All companion tools validate their arguments at dispatch; a malformed call returns a clean { error } tool result rather than throwing. The validated constraints are: name must be non-empty and ≤128 characters; the companion message (initialMessage on spawnAgent, message on sendMessage) must be non-empty (an empty message is rejected); and timeout (on waitForResult) must be positive.

Child Naming

Children can be named explicitly via the name argument in companion__spawnAgent, or auto-named using the pattern {agentType}-{counter} (e.g., researcher-1, researcher-2).

typescript
// Explicit naming
spawnAgent({
  agent: 'researcher',
  initialMessage: 'Research AI safety',
  name: 'safety-researcher',
});

// Auto-naming (uses counter)
spawnAgent({ agent: 'researcher', initialMessage: 'Research quantum computing' });
// -> named 'researcher-1'
spawnAgent({ agent: 'researcher', initialMessage: 'Research fusion energy' });
// -> named 'researcher-2'

Session IDs

Each persistent child gets a deterministic session ID: {parentSessionId}-agent-{name}. This enables:

  • Stable references across parent restarts
  • Predictable state store lookups
  • Clean cleanup on parent completion

Re-spawning

If a child with the same name is spawned after a previous one reached a terminal status, behavior depends on the prior status and the runtime:

  • completed (all five runtimes): the spawn continues on the preserved session — the old session is not deleted, so the child's memory is retained — and the initialMessage is appended as the next turn's input.

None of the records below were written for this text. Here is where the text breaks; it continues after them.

lemma prob_eq_Pstep_deg1:
  assumes deg_1: "deg (snd G) v = 1" and i: "i \<in> L v"
  shows "prob G L v i = Pstep nb prob G L v i"
proof -
  let ?v1 = "nb (snd G) v ! 0"
  let ?x = "\<lambda>j. prob (delv G v) L ?v1 j"
  have avoid: "avoid_prod prob G L v (nb (snd G) v) j = 1 - ?x j" for j
    unfolding avoid_prod_def using nbs(3) deg_1 by simp
  have "?v1 \<in> fst (delv G v)" using reachable_nbr_deg1[OF deg_1] unfolding reachable_iff by blast
  then have sum_x: "(\<Sum>j\<in>{1..4}. ?x j) = 1" by (rule sum_prob_colours[OF admissible_delv])
  have "card (L v) = 3 \<or> card (L v) = 4" using card_list card_list_le_4 deg_1 by linarith
  then show ?thesis
  proof
    assume card4: "card (L v) = 4"
    then have "(\<Sum>j\<in>L v. 1 - ?x j) = 3"
      using subset_card_4[OF list_subset] sum_x by (simp add: sum_subtractf)
    then show ?thesis
      using prob_eq_avoid_prod_at[OF nbs(1,2)] i avoid Pstep_deg1_card4[of i L v G nb prob, OF i deg_1 card4] by simp
  next
    assume card3: "card (L v) = 3"
    then obtain m where m: "{1..4::nat} - L v = {m}"
      using card_Diff_subset[OF finite_list list_subset] card_1_singletonE by force
    then have Lv: "L v = {1..4} - {m}" and "m \<in> {1..4}" using list_subset by blast+
    then have "(\<Sum>j\<in>L v. 1 - ?x j) = 2 + ?x m"
      using sum_x card3 sum_diff1[of "{1..4::nat}" ?x m] by (simp add: sum_subtractf)
    then show ?thesis
      using prob_eq_avoid_prod_at[OF nbs(1,2)] i avoid Pstep_deg1_card3[of i L v G nb prob, OF i deg_1 card3] m
      by simp
  qed
qed

lemma prob_eq_Pstep_deg2:
  assumes deg_2: "deg (snd G) v = 2" and i: "i \<in> L v"
  shows "prob G L v i = Pstep nb prob G L v i"
proof -
  let ?v1 = "first_nbr nb G L v i" and ?v2 = "second_nbr nb G L v i"
  let ?Gv = "delv G v"
  have v1: "?v1 \<in> fst ?Gv" using reachable_first_nbr[OF deg_2] unfolding reachable_iff by blast
  have "prob ?Gv L ?v1 j = first_marginal nb prob G L v ?v1 j" for j
    unfolding first_marginal_def
    using prob_eq_avoid_prod[OF admissible_delv v1 valid_nb_nbrs(1,2)[OF valid_nb simple_graph_delv[OF simple]]]
    by simp
  then have "avoid_prod prob G L v [?v1, ?v2] j =
      (1 - first_marginal nb prob G L v ?v1 j) * (1 - second_marginal prob G L v ?v1 ?v2 j)" for j
    unfolding avoid_prod_def second_marginal_def by (simp add: numeral_2_eq_2)
  moreover have "distinct [?v1, ?v2]" using nbr_pair[OF deg_2] by simp
  ultimately show ?thesis
    using prob_eq_avoid_prod_at[of "[?v1, ?v2]"] nbr_pair[OF deg_2] i Pstep_deg2[of i L v G nb prob, OF i deg_2] by simp
qed

theorem prob_eq_Pstep: "prob G L v i = Pstep nb prob G L v i"
proof (cases "i \<in> L v")
  case True
  consider "deg (snd G) v = 0" | "deg (snd G) v = 1" | "deg (snd G) v = 2"
    using deg_le_2 by linarith
  then show ?thesis
  proof cases
    case 1
    then have "nb (snd G) v = []" using nbs(3) by simp
    then show ?thesis using prob_eq_avoid_prod_at[OF nbs(1,2)] True Pstep_deg0[of i L v G nb prob, OF True 1]
      unfolding avoid_prod_def by simp
  qed (use prob_eq_Pstep_deg1 prob_eq_Pstep_deg2 True in auto)
qed (simp add: Pstep_not_in_list prob_not_in_list[OF v_in])

end

section \<open>The invariant and its arithmetic\<close>

text \<open>The invariant satisfied by the value \<open>r\<close> of both the procedure and the true marginal at a
  vertex of degree \<open>d\<close>, where \<open>inL\<close> says whether the colour is in the vertex's list.\<close>

definition marginal_bounds :: "nat \<Rightarrow> bool \<Rightarrow> real \<Rightarrow> bool" where
  "marginal_bounds d inL r \<longleftrightarrow> 0 \<le> r \<and> r \<le> 1/2 \<and> (r = 0 \<longleftrightarrow> \<not> inL) \<and> (r \<noteq> 0 \<longrightarrow> 1/13 \<le> r)
    \<and> (r \<noteq> 0 \<longrightarrow> d \<le> 1 \<longrightarrow> 1/6 \<le> r) \<and> (r = 1/2 \<or> r \<le> 13/27)"

lemma marginal_boundsD:
  assumes "marginal_bounds d inL r"
  shows "0 \<le> r" "r \<le> 1/2" "r = 0 \<longleftrightarrow> \<not> inL" "inL \<Longrightarrow> 1/13 \<le> r" "inL \<Longrightarrow> d \<le> 1 \<Longrightarrow> 1/6 \<le> r"
    "r = 1/2 \<or> r \<le> 13/27"
  using assms unfolding marginal_bounds_def by auto

lemma marginal_bounds_interval:
  "marginal_bounds d inL r \<Longrightarrow> r \<in> {1/13..13/27} \<longleftrightarrow> r \<noteq> 0 \<and> r \<noteq> 1/2"
  unfolding marginal_bounds_def by auto

lemma marginal_bounds_deg1_card4: "0 \<le> x \<Longrightarrow> x \<le> 1/2 \<Longrightarrow> marginal_bounds 1 True ((1 - x) / 3)"
  unfolding marginal_bounds_def by (auto simp: field_simps)

lemma marginal_bounds_deg1_card3:
  fixes x z :: real
  assumes "0 \<le> x" "x \<le> 1/2" "0 \<le> z" "z \<le> 1/2" "x \<noteq> 0 \<Longrightarrow> 1/13 \<le> x" "z \<noteq> 0 \<Longrightarrow> 1/13 \<le> z"
  shows "marginal_bounds 1 True ((1 - x) / (2 + z))" "(1 - x) / (2 + z) = 1/2 \<longleftrightarrow> x = 0 \<and> z = 0"
proof -
  let ?r = "(1 - x) / (2 + z)"
  have lo: "?r \<ge> 1/5" and hi: "?r \<le> 1/2" using assms by (simp_all add: field_simps)
  show half: "?r = 1/2 \<longleftrightarrow> x = 0 \<and> z = 0"
    using assms by (auto simp: field_simps)
  have "?r \<le> 13/27" if "x \<noteq> 0 \<or> z \<noteq> 0"
  proof -
    have "27 * x + 13 * z \<ge> 1" using assms that by (cases "x = 0") auto
    then show ?thesis using assms by (simp add: field_simps)
  qed
  then have "?r = 1/2 \<or> ?r \<le> 13/27" using half by blast
  moreover have "?r \<noteq> 0" "0 \<le> ?r" "1/13 \<le> ?r" "1/6 \<le> ?r" using lo by linarith+
  ultimately show "marginal_bounds 1 True ?r" unfolding marginal_bounds_def using hi by blast
qed

text \<open>A neighbour of degree 1 with list $[4]\setminus\{i\}$, seen one level up: the estimate
  of colour \<open>j\<close> there is $(1 - x_j)/(2 + z)$ with $x_j$, $z$ the values of \<open>j\<close> and \<open>i\<close> at the next
  neighbour.\<close>

lemma deg1_value_le_6_13:
  fixes x z :: real
  assumes "0 \<le> x" "x \<le> 1/2" "z \<le> 1/2" "1/13 \<le> z" "13 * x + 6 * z \<ge> 1"
  shows "(1 - x) / (2 + z) \<le> 6/13"
  using assms by (simp add: field_simps)

lemma prod_between_half_one:
  fixes g :: "nat \<Rightarrow> real"
  assumes "\<And>k. k < n \<Longrightarrow> 1/2 \<le> g k \<and> g k \<le> 1"
  shows "(1/2)^n \<le> (\<Prod>k<n. g k) \<and> (\<Prod>k<n. g k) \<le> 1"
  using assms
proof (induction n)
  case (Suc n)
  have ih: "(1/2)^n \<le> (\<Prod>k<n. g k)" "(\<Prod>k<n. g k) \<le> 1" using Suc by auto
  have gn: "1/2 \<le> g n" "g n \<le> 1" using Suc.prems[of n] by auto
  have "0 \<le> (\<Prod>k<n. g k)" using ih(1) zero_le_power[of "1/2::real" n] by linarith
  then have "(1/2)^n * (1/2) \<le> (\<Prod>k<n. g k) * g n"
    by (intro mult_mono) (use ih gn in auto)
  moreover have "(\<Prod>k<n. g k) * g n \<le> 1 * 1"
    by (intro mult_mono) (use ih gn in auto)
  ultimately show ?case by (simp add: mult.commute)
qed simp

lemma normalized_weight_bounds:
  fixes p :: "nat \<Rightarrow> real"
  assumes fin: "finite S" and j: "j \<in> S" and p: "\<And>w. w \<in> S \<Longrightarrow> c \<le> p w \<and> p w \<le> 1"
    and c: "c > 0" and many: "(real (card S) - 1) * c \<ge> 3/4"
  shows "(\<Sum>w\<in>S. p w) > 0" "p j / (\<Sum>w\<in>S. p w) \<le> 4/7" "p j / (\<Sum>w\<in>S. p w) \<ge> c / real (card S)"
proof -
  let ?R = "\<Sum>w\<in>S - {j}. p w"
  have sum: "(\<Sum>w\<in>S. p w) = p j + ?R" using sum.remove[OF fin j] .
  have "?R \<ge> (\<Sum>w\<in>S - {j}. c)" by (rule sum_mono) (use p in auto)
  moreover have "card S > 0" using fin j card_gt_0_iff by blast
  ultimately have R: "?R \<ge> (real (card S) - 1) * c" using fin j by (simp add: of_nat_diff)
  have pj: "c \<le> p j" "p j \<le> 1" using p[OF j] by auto
  show pos: "(\<Sum>w\<in>S. p w) > 0" using sum R pj c many by linarith
  have "p j / (p j + ?R) \<le> 4/7" using R many pj c by (simp add: field_simps)
  then show "p j / (\<Sum>w\<in>S. p w) \<le> 4/7" using sum by simp
  have "(\<Sum>w\<in>S. p w) \<le> real (card S)" using sum_mono[of S p "\<lambda>_. 1"] p by simp
  then show "p j / (\<Sum>w\<in>S. p w) \<ge> c / real (card S)"
    using pos pj c by (intro frac_le) auto
qed

lemma many_colours_bound: "m \<le> (2::nat) \<Longrightarrow> card S \<ge> m + 2 \<Longrightarrow> (real (card S) - 1) * (1/2)^m \<ge> 3/4"
proof -
  assume m: "m \<le> 2" "card S \<ge> m + 2"
  have "3/4 \<le> (real m + 1) * (1/2)^m"
    using m(1) by (cases m; cases "m - 1") (auto simp: numeral_2_eq_2)
  also have "\<dots> \<le> (real (card S) - 1) * (1/2)^m"
    using m(2) by (intro mult_right_mono) simp_all
  finally show ?thesis .
qed

lemma fraction_bounds:
  fixes a B f y :: real
  assumes "0 \<le> f" "f \<le> 4/7" "0 \<le> y" "y \<le> 1/2"
    and a: "a = (1 - f) * (1 - y)" and "(2 + f) / 2 \<le> B" "B \<le> 2 + f"
  shows "1/13 \<le> a / (a + B)" "a / (a + B) \<le> 1/2"
    "f \<ge> 1/16 \<Longrightarrow> a / (a + B) \<le> 13/27" "y \<ge> 1/13 \<Longrightarrow> a / (a + B) \<le> 13/27"
proof -
  have "(1 - f) * (1/2) \<le> a" "a \<le> (1 - f) * 1"
    unfolding a using assms by (auto intro: mult_left_mono)
  then have lo: "(1 - f) / 2 \<le> a" and hi: "a \<le> 1 - f" by simp_all
  then have pos: "a + B > 0" using assms(1,2,6) by argo
  show "1/13 \<le> a / (a + B)" using pos lo assms by (simp add: field_simps)
  show "a / (a + B) \<le> 1/2" using pos hi assms by (simp add: field_simps)
  show "f \<ge> 1/16 \<Longrightarrow> a / (a + B) \<le> 13/27" using pos hi assms by (simp add: field_simps)
  assume "y \<ge> 1/13"
  then have "a \<le> 1 * (12/13)" unfolding a using assms by (intro mult_mono) auto
  then show "a / (a + B) \<le> 13/27" using pos assms by (simp add: field_simps)
qed

text \<open>In case (c), with $f_i = y_i = 0$ the estimate is $1/(2 + \mathit{excess})$.\<close>

definition excess :: "(nat \<Rightarrow> real) \<Rightarrow> (nat \<Rightarrow> real) \<Rightarrow> nat \<Rightarrow> real" where
  "excess f y i = (\<Sum>j\<in>{1..4} - {i}. (1 - f j) * (1/2 - y j))"

locale colour_weights =
  fixes i :: nat and f y :: "nat \<Rightarrow> real"
  assumes colour: "i \<in> {1..4}"
    and f: "\<And>j. j \<in> {1..4} \<Longrightarrow> 0 \<le> f j \<and> f j \<le> 4/7"
    and sum_f: "(\<Sum>j\<in>{1..4}. f j) = 1"
    and y: "\<And>j. j \<in> {1..4} \<Longrightarrow> 0 \<le> y j \<and> y j \<le> 1/2"
begin

lemma sum_others: "(\<Sum>j\<in>{1..4} - {i}. 1 - f j) = 2 + f i"
proof -
  have "(\<Sum>j\<in>{1..4} - {i}. f j) = 1 - f i" using sum.remove[of "{1..4}" i f] colour sum_f by simp
  moreover have "card ({1..4::nat} - {i}) = 3" using colour by simp
  ultimately show ?thesis by (simp add: sum_subtractf)
qed

lemma excess_term_nonneg: "j \<in> {1..4} - {i} \<Longrightarrow> (1 - f j) * (1/2 - y j) \<ge> 0"
  using f[of j] y[of j] by (intro mult_nonneg_nonneg) auto

lemma excess_nonneg: "excess f y i \<ge> 0"
  unfolding excess_def using excess_term_nonneg by (intro sum_nonneg) auto

lemma excess_eq_0_iff: "excess f y i = 0 \<longleftrightarrow> (\<forall>j\<in>{1..4} - {i}. y j = 1/2)"
proof -
  have "excess f y i = 0 \<longleftrightarrow> (\<forall>j\<in>{1..4} - {i}. (1 - f j) * (1/2 - y j) = 0)"
    unfolding excess_def using excess_term_nonneg by (intro sum_nonneg_eq_0_iff) auto
  also have "\<dots> \<longleftrightarrow> (\<forall>j\<in>{1..4} - {i}. y j = 1/2)"
  proof -
    have "1 - f j \<noteq> 0" if "j \<in> {1..4} - {i}" for j using f[of j] that by auto
    then show ?thesis by auto
  qed
  finally show ?thesis .
qed

lemma sum_others_eq: "(\<Sum>j\<in>{1..4} - {i}. (1 - f j) * (1 - y j)) = (2 + f i) / 2 + excess f y i"
proof -
  have "(\<Sum>j\<in>{1..4} - {i}. (1 - f j) * (1 - y j)) =
      (\<Sum>j\<in>{1..4} - {i}. (1 - f j) / 2 + (1 - f j) * (1/2 - y j))"
    by (rule sum.cong) (auto simp: algebra_simps)
  then show ?thesis using sum_others unfolding excess_def by (simp add: sum.distrib flip: sum_divide_distrib)
qed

The SubSessionRef is reset to running and its completionDelivered flag is cleared so the new run's completion is delivered. On durable runtimes the continuation is replay-safe: Temporal does the store-side reopen inside an activity; DBOS starts a fresh persistent restart workflow with a deterministic id derived from the toolCall.id (so a workflow-body replay never double-starts it) and CAS-gates the reopen so the consult is appended exactly once. On Cloudflare Workflows the continuation runs as a fresh workflow instance with a unique-but-deterministic id (agent__<type>__<childSession>__continue__<stepCount>__<toolCallId> — a Cloudflare Workflows instance id is write-once globally, so the completed child's base id can't be recreated); the consult is carried as the new instance's newMessages and appended exactly once by the instance's !isResumable continuation branch (the same path as root multi-turn continuation), so the child session stays completed until the new instance reopens it.
  • failed / terminated (all runtimes): the old session is cleaned up (deleteSession, best-effort) and a new one starts fresh; the SubSessionRef is reset to running and completionDelivered is cleared.

You cannot re-use the name of a still-active child — that returns an already running error.

Re-consulting a persistent companion (the critic loop)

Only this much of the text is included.